A new colleague ‘Jarad’ was heading up the project. I remember thinking, ‘I’m so glad he’s on staff to manage this.’ It is a project that has seen several changes of staff so far. Unfortunately, as he stood up and walked to the whiteboard to map out the flowchart, I heard that familiar voice say
‘take notes. He’s not going to be here for much longer.’
I have a fairly robust interaction with this particular Messenger, and my mind was instantly reactive (if not a little combative).
What the fuck?!! What do you mean by that? Where is he going?
Jarad’s enthusiasm about the project was obvious and I quickly became angry. If he wasn’t going to see the project through, I immediately thought he was deceiving us about his commitment to the role.
Are you saying he’s lying to us? Why would he do that?
For the remainder of the meeting I struggled to take notes, while at the same time I was firing off my questions, listening to the answers and also attempting to scan a couple of my colleagues I was sure also heard the initial voice. (I look back on this moment with amusement. Typical in these moments. Argue. Debate. Who else heard?)
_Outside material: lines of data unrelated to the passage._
(* In the setting of the context, assume $G''(p_1)<0$, $G''(p_2)\ge0$ and $G''(p_1)G'(p_2)e^{-K_1}<G''(p_2)G'(p_1)e^{K_1}$, and that $\ell\in(0,\min\{L,1-L\})$ is chosen so that $$(L-\ell)G''(p_1)e^{-K_1}+\big[(1-L-\ell)G''(p_2)+2\ell K_2\big]e^{K_1}<0.$$ Then $I_{\theta_0+c}(1)<0<I_{\theta_0-c}(1)$ for all sufficiently small $c>0$.
   Context: Let $G\in\mathrm{C}^2(\mathbb{R})$ be coercive ($G(p)\to\infty$ as $p\to\pm\infty$), $p_1<p_2$ with $G'(p_1)<0<G'(p_2)$, $L=\frac{G'(p_2)}{G'(p_2)-G'(p_1)}$, $K_1=\max\{|G'(p)|:\,p\in[p_1,p_2]\}$, $K_2=\max\{|G''(p)|:\,p\in[p_1,p_2]\}$. Given $\ell$, let $f$ be a $1$-periodic function in $\mathrm{C}^1(\mathbb{R})$ with $f'$ Lipschitz, $p_1\le f\le p_2$, $f=p_1$ on $[0,L-\ell]$, $f=p_2$ on $[L,1-\ell]$, and $\int_0^1G'(f(x))dx=0$. Define the $1$-periodic Lipschitz potential $V(x)=-f'(x)-G(f(x))$ and $\theta_0=\int_0^1f(x)dx$. For each $\theta\in\mathbb{R}$, $f_\theta\in\mathrm{C}^1(\mathbb{R})$ denotes the unique $1$-periodic function with $\int_0^1f_\theta=\theta$ and $f_\theta'+G(f_\theta)+V=\overline{H}(\theta)$ on $\mathbb{R}$ for some (unique) constant $\overline{H}(\theta)$; and $I_\theta(1)=\int_0^1G'(f_\theta(x))dx$. *)

theory Defs
  imports "HOL-Analysis.Analysis"
begin

definition per_sol :: "(real \<Rightarrow> real) \<Rightarrow> (real \<Rightarrow> real) \<Rightarrow> real \<Rightarrow> (real \<Rightarrow> real) \<Rightarrow> bool" where
  "per_sol G V \<theta> g \<longleftrightarrow>
     (\<forall>x. g (x + 1) = g x) \<and>
     (\<exists>g'. (\<forall>x. (g has_real_derivative g' x) (at x)) \<and> continuous_on UNIV g' \<and>
           (\<exists>H. \<forall>x. g' x + G (g x) + V x = H)) \<and>
     integral {0..1} g = \<theta>"

text \<open>f_theta: the unique such solution (the context asserts existence and uniqueness).\<close>
definition f_theta :: "(real \<Rightarrow> real) \<Rightarrow> (real \<Rightarrow> real) \<Rightarrow> real \<Rightarrow> real \<Rightarrow> real" where
  "f_theta G V \<theta> = (THE g. per_sol G V \<theta> g)"

definition I_one :: "(real \<Rightarrow> real) \<Rightarrow> (real \<Rightarrow> real) \<Rightarrow> (real \<Rightarrow> real) \<Rightarrow> real \<Rightarrow> real" where
  "I_one G G' V \<theta> = integral {0..1} (\<lambda>x. G' (f_theta G V \<theta> x))"

end

theory Submission
  imports Defs
begin

text \<open>Write \<open>f_theta (theta0 + c) = f + d\<close>. Then \<open>d\<close> is a periodic solution of
  \<open>d' + a d + N d = const\<close> with mean \<open>c\<close>, where \<open>a = G' o f\<close> has mean zero and \<open>N d\<close> is
  quadratically small. If \<open>Phi\<close> is a primitive of \<open>a\<close>, the linear equation \<open>d' + a d + q = H\<close>
  has periodic solutions for exactly one constant \<open>H\<close>, the one with mean zero is bounded by a
  multiple of \<open>sup |q|\<close>, and \<open>w = exp (- Phi) / (integral of exp (- Phi))\<close> solves the homogeneous
  equation with mean one. A contraction argument on periodic bounded continuous functions yields
  \<open>d = c w + O(c^2)\<close>, hence \<open>I (theta0 + c) = c * integral (G'' o f) w + o(c)\<close>. This \<open>d\<close> is
  the right one because periodic solutions with a given mean are unique: at a maximum of the
  primitive of the difference of two solutions the difference vanishes, which forces equal
  constants, and then Gronwall's argument applies.

  The sign: \<open>exp (- Phi)\<close> lies between \<open>exp (- K1)\<close> and \<open>exp K1\<close>, and \<open>f\<close> equals \<open>p1\<close>
  on \<open>[0, L - l]\<close> and \<open>p2\<close> on \<open>[L, 1 - l]\<close>, so the hypothesis on \<open>l\<close> makes the derivative
  \<open>integral (G'' o f) w\<close> negative.\<close>

section \<open>Continuous periodic functions and their primitives\<close>

lemma continuous_on_UNIV_integrable:
  "continuous_on UNIV g \<Longrightarrow> (g :: real \<Rightarrow> real) integrable_on {a..b}"
  by (rule integrable_continuous_interval) (rule continuous_on_subset[OF _ subset_UNIV])

lemma abs_divide_le_of_le:
  fixes A D X m :: real
  assumes "0 < m" "m \<le> D" "\<bar>A\<bar> \<le> X"
  shows "\<bar>A / D\<bar> \<le> X / m"
proof -
  have "\<bar>A\<bar> / D \<le> X / D" using assms by (intro divide_right_mono) auto
  also have "\<dots> \<le> X / m" using assms abs_ge_zero[of A] by (intro divide_left_mono) auto
  finally show ?thesis using assms by (simp add: abs_divide)
qed

lemma abs_le_SUP_Icc:
  fixes g :: "real \<Rightarrow> real"
  assumes "continuous_on UNIV g" "p \<in> {a..b}"
  shows "\<bar>g p\<bar> \<le> (SUP q \<in> {a..b}. \<bar>g q\<bar>)"
  using assms
  by (intro cSUP_upper bounded_imp_bdd_above compact_imp_bounded compact_continuous_image compact_Icc
      continuous_on_rabs continuous_on_subset[OF assms(1) subset_UNIV])

lemma periodic_add_of_int:
  fixes q :: "real \<Rightarrow> 'a"
  assumes "\<And>x. q (x + 1) = q x"
  shows "q (x + of_int n) = q x"
proof (induction n rule: int_induct[where k = 0])
  case (step1 i)
  have "q (x + of_int (i + 1)) = q ((x + of_int i) + 1)" by (simp add: add.assoc)
  then show ?case using assms step1 by simp
next
  case (step2 i)
  have "q (x + of_int (i - 1)) = q ((x + of_int (i - 1)) + 1)" by (rule assms[symmetric])
  also have "\<dots> = q (x + of_int i)" by (simp add: algebra_simps)
  finally show ?case using step2 by simp
qed simp

lemma periodic_obtain_in_period:
  fixes q :: "real \<Rightarrow> 'a"
  assumes "\<And>x. q (x + 1) = q x"
  obtains z where "z \<in> {0..1}" "q y = q z"
proof
  have "q y = q (frac y + of_int \<lfloor>y\<rfloor>)" by (simp add: frac_def)
  also have "\<dots> = q (frac y)" using periodic_add_of_int[of q] assms by blast
  finally show "q y = q (frac y)" .
  show "frac y \<in> {0..1}" using frac_lt_1[of y] by simp
qed

definition cont_periodic :: "(real \<Rightarrow> real) \<Rightarrow> bool" where
  "cont_periodic q \<longleftrightarrow> continuous_on UNIV q \<and> (\<forall>x. q (x + 1) = q x)"

lemma cont_periodicD:
  "cont_periodic q \<Longrightarrow> continuous_on UNIV q"
  "cont_periodic q \<Longrightarrow> q (x + 1) = q x"
  by (auto simp: cont_periodic_def)

lemma cont_periodic_integrable: "cont_periodic q \<Longrightarrow> q integrable_on {a..b}"
  by (rule continuous_on_UNIV_integrable[OF cont_periodicD(1)])

lemma cont_periodic_const: "cont_periodic (\<lambda>x. c)"
  by (simp add: cont_periodic_def)

lemma cont_periodic_add: "cont_periodic p \<Longrightarrow> cont_periodic q \<Longrightarrow> cont_periodic (\<lambda>x. p x + q x)"
  by (auto simp: cont_periodic_def intro!: continuous_intros)

lemma cont_periodic_diff: "cont_periodic p \<Longrightarrow> cont_periodic q \<Longrightarrow> cont_periodic (\<lambda>x. p x - q x)"
  by (auto simp: cont_periodic_def intro!: continuous_intros)

lemma cont_periodic_mult: "cont_periodic p \<Longrightarrow> cont_periodic q \<Longrightarrow> cont_periodic (\<lambda>x. p x * q x)"
  by (auto simp: cont_periodic_def intro!: continuous_intros)

lemma cont_periodic_compose:
  "continuous_on UNIV h \<Longrightarrow> cont_periodic q \<Longrightarrow> cont_periodic (\<lambda>x. h (q x))"
  unfolding cont_periodic_def by (auto intro: continuous_on_compose2)

lemmas cont_periodic_intros =
  cont_periodic_const cont_periodic_add cont_periodic_diff cont_periodic_mult

lemma cont_periodic_bounded:
  assumes "cont_periodic q"
  obtains B where "\<And>x. \<bar>q x\<bar> \<le> B"
proof -
  have "bounded (q ` {0..1})"
    using assms by (intro compact_imp_bounded compact_continuous_image compact_Icc
        continuous_on_subset[OF cont_periodicD(1)]) auto
  then obtain B where B: "\<forall>y \<in> q ` {0..1}. \<bar>y\<bar> \<le> B" unfolding bounded_iff by auto
  show ?thesis
  proof (rule that)
    fix x
    obtain z where "z \<in> {0..1}" "q x = q z"
      by (rule periodic_obtain_in_period[of q x, OF cont_periodicD(2)[OF assms]])
    then show "\<bar>q x\<bar> \<le> B" using B by simp
  qed
qed

lemma cont_periodic_attains_max:
  assumes "cont_periodic q"
  obtains x0 where "\<And>y. q y \<le> q x0"
proof -
  have "\<exists>x0 \<in> {0..1}. \<forall>y \<in> {0..1}. q y \<le> q x0"
    using assms by (intro continuous_attains_sup continuous_on_subset[OF cont_periodicD(1)]) auto
  then obtain x0 where x0: "\<forall>y \<in> {0..1}. q y \<le> q x0" by blast
  show ?thesis
  proof (rule that)
    fix y
    obtain z where "z \<in> {0..1}" "q y = q z"
      by (rule periodic_obtain_in_period[of q y, OF cont_periodicD(2)[OF assms]])
    then show "q y \<le> q x0" using x0 by simp
  qed
qed

text \<open>One of the two intervals is empty or a point, so this is the oriented integral of \<open>q\<close>
  from \<open>0\<close> to \<open>x\<close>.\<close>
definition primitive :: "(real \<Rightarrow> real) \<Rightarrow> real \<Rightarrow> real" where
  "primitive q x = integral {0..x} q - integral {x..0} q"

lemma primitive_nonneg: "0 \<le> x \<Longrightarrow> primitive q x = integral {0..x} q"
  by (cases "x = 0") (auto simp: primitive_def)

lemma primitive_eq_integral_from:
  assumes "continuous_on UNIV q" "n \<le> y" "n \<le> 0"
  shows "primitive q y = integral {n..y} q - integral {n..0} q"
proof (cases "0 \<le> y")
  case True
  have "integral {n..0} q + integral {0..y} q = integral {n..y} q"
    using assms True by (intro Henstock_Kurzweil_Integration.integral_combine continuous_on_UNIV_integrable) auto
  then show ?thesis using True by (simp add: primitive_nonneg)
next
  case False
  have "integral {n..y} q + integral {y..0} q = integral {n..0} q"
    using assms False by (intro Henstock_Kurzweil_Integration.integral_combine continuous_on_UNIV_integrable) auto
  then show ?thesis using False by (simp add: primitive_def)
qed

lemma primitive_has_real_derivative:
  assumes "continuous_on UNIV q"
  shows "(primitive q has_real_derivative q x) (at x)"
proof -
  define n where "n = - \<bar>x\<bar> - 1"
  have x: "x \<in> {n<..<-n}" unfolding n_def by (simp add: abs_if)
  have "((\<lambda>y. integral {n..y} q) has_real_derivative q x) (at x within {n..-n})"
    using x by (intro integral_has_real_derivative continuous_on_subset[OF assms]) auto
  then have "((\<lambda>y. integral {n..y} q) has_real_derivative q x) (at x)"
    using x by (simp add: at_within_Icc_at)
  then have "((\<lambda>y. integral {n..y} q - integral {n..0} q) has_real_derivative q x) (at x)"
    using DERIV_diff[OF _ DERIV_const[of "integral {n..0} q"]] by simp
  then show ?thesis
  proof (rule has_field_derivative_transform_within_open[OF _ open_greaterThanLessThan x])
    fix y assume "y \<in> {n<..<-n}"
    moreover have "n \<le> 0" unfolding n_def by simp
    ultimately show "integral {n..y} q - integral {n..0} q = primitive q y"
      using primitive_eq_integral_from[OF assms, of n y] by simp
  qed
qed

lemma primitive_diff:
  assumes "continuous_on UNIV p" "continuous_on UNIV q"
  shows "primitive (\<lambda>s. p s - q s) x = primitive p x - primitive q x"
  using assms by (simp add: primitive_def integral_diff continuous_on_UNIV_integrable)

lemma primitive_add_one:
  assumes "cont_periodic q"
  shows "primitive q (x + 1) = primitive q x + integral {0..1} q"
proof -
  have "((\<lambda>y. primitive q (y + 1) - primitive q y) has_real_derivative 0) (at y)" for y
  proof -
    have "((\<lambda>y. primitive q (y + 1)) has_real_derivative q (y + 1)) (at y)"
      using DERIV_shift primitive_has_real_derivative[OF cont_periodicD(1)[OF assms]] by blast
    then have "((\<lambda>y. primitive q (y + 1) - primitive q y) has_real_derivative q (y + 1) - q y) (at y)"
      by (intro DERIV_diff primitive_has_real_derivative cont_periodicD(1)[OF assms])
    then show ?thesis using cont_periodicD(2)[OF assms, of y] by simp
  qed
  from DERIV_isconst_all[OF allI[OF this], of x 0] show ?thesis by (simp add: primitive_nonneg)
qed

lemma cont_periodic_primitive:
  assumes "cont_periodic q" "integral {0..1} q = 0"
  shows "cont_periodic (primitive q)"
proof -
  have "continuous_on UNIV (primitive q)"
    using primitive_has_real_derivative[OF cont_periodicD(1)[OF assms(1)]] by (rule DERIV_continuous_on)
  then show ?thesis unfolding cont_periodic_def using primitive_add_one[OF assms(1)] assms(2) by simp
qed

lemma abs_primitive_le:
  assumes "continuous_on UNIV q" "\<And>s. s \<in> {0..1} \<Longrightarrow> \<bar>q s\<bar> \<le> B" "x \<in> {0..1}"
  shows "\<bar>primitive q x\<bar> \<le> B"
proof -
  have "\<bar>integral {0..x} q\<bar> \<le> B * (x - 0)"
    using assms by (intro integral_bound[where f = q, simplified] continuous_on_subset[OF assms(1)]) auto
  also have "\<dots> \<le> B" using assms(2)[of 0] assms(3) by (simp add: mult_left_le)
  finally show ?thesis using assms(3) by (simp add: primitive_nonneg)
qed

section \<open>Uniqueness of periodic solutions with given mean\<close>

lemma mean_zero_primitive_max:
  assumes "cont_periodic D" "integral {0..1} D = 0"
  obtains x0 where "D x0 = 0" "\<And>y. primitive D y \<le> primitive D x0"
proof -
  obtain x0 where max: "\<And>y. primitive D y \<le> primitive D x0"
    using cont_periodic_attains_max[OF cont_periodic_primitive[OF assms]] by blast
  have "D x0 = 0"
    using DERIV_local_max[OF primitive_has_real_derivative[OF cont_periodicD(1)[OF assms(1)]] zero_less_one]
      max by blast
  then show ?thesis using max that by blast
qed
By the end of the meeting I was convinced Jarad honestly didn’t know he was not going to see out the project.
Sometime over the next 24 hours, he heard from relatives overseas. He was to fly home for family reasons. Within the next 48 hours, he’d put in for a few weeks off work.
A short time later, a colleague who’d been at the meeting asked me what I thought about the project and specifically about his role in the project. I thought it was a really odd question to ask. She also asked me three times in about five minutes.
After deflecting her twice, on the third time I disclosed to her what I’d heard and what I knew to be true – he was not returning from overseas anytime soon. She sighed. Deeply. In that moment, I suspected part of her knew but perhaps not understood consciously until this moment.
I said, ‘there’s nothing you can do based on what I’ve just told you. You’re going to have to wait until you hear from him directly, before you can take any action or make any decision.’
She nodded. For the first time I understood the discomfort someone else might feel to have the experience of knowing or understanding things before they happen.
I am familiar with the time-lag. That folding-in of time. Eventually.
The waiting. Suspending action until other events, people or decisions manifest before taking action or responding to what I know, seen or heard is going to occur. We didn’t wait long. Just over two weeks later he’d resigned.
On the one hand this ‘knowing’ is an amazing privilege. It’s also a tension, sometimes unbearable. At these times, I see-saw between ‘how could they NOT realise X was going to happen?’ to ‘Let me tell you what’s going to happen if you do X, Y or Z!’
Despite the frustration, this experience is one I’m thankful to have. There’s also a part of me that asks ‘…and so?’
I’ve lost count of the times in life, in my career, employment, personal interaction with friends and community where the outcome or impact of a decision, an attitude, an instruction or desire was clear. To speak up about it, would be an invitation to be maligned, ignored or worse. In the rare times I spoke up, I was ignored, maligned or worse.
That’s the reality of it. I don’t know why. It’s been said before, “a forth-teller is not received in his own country, among his own family or house.”
I imagine a day where we have people in our lives, communities, boardrooms and meetings who we welcome as something a little like human-barometers. A more integrated loop of action and impact. Perhaps like human-registers of energies in the space.
In the meantime, I keep these moments of forth-telling and fore-telling to myself. I’m still asking, what’s the point?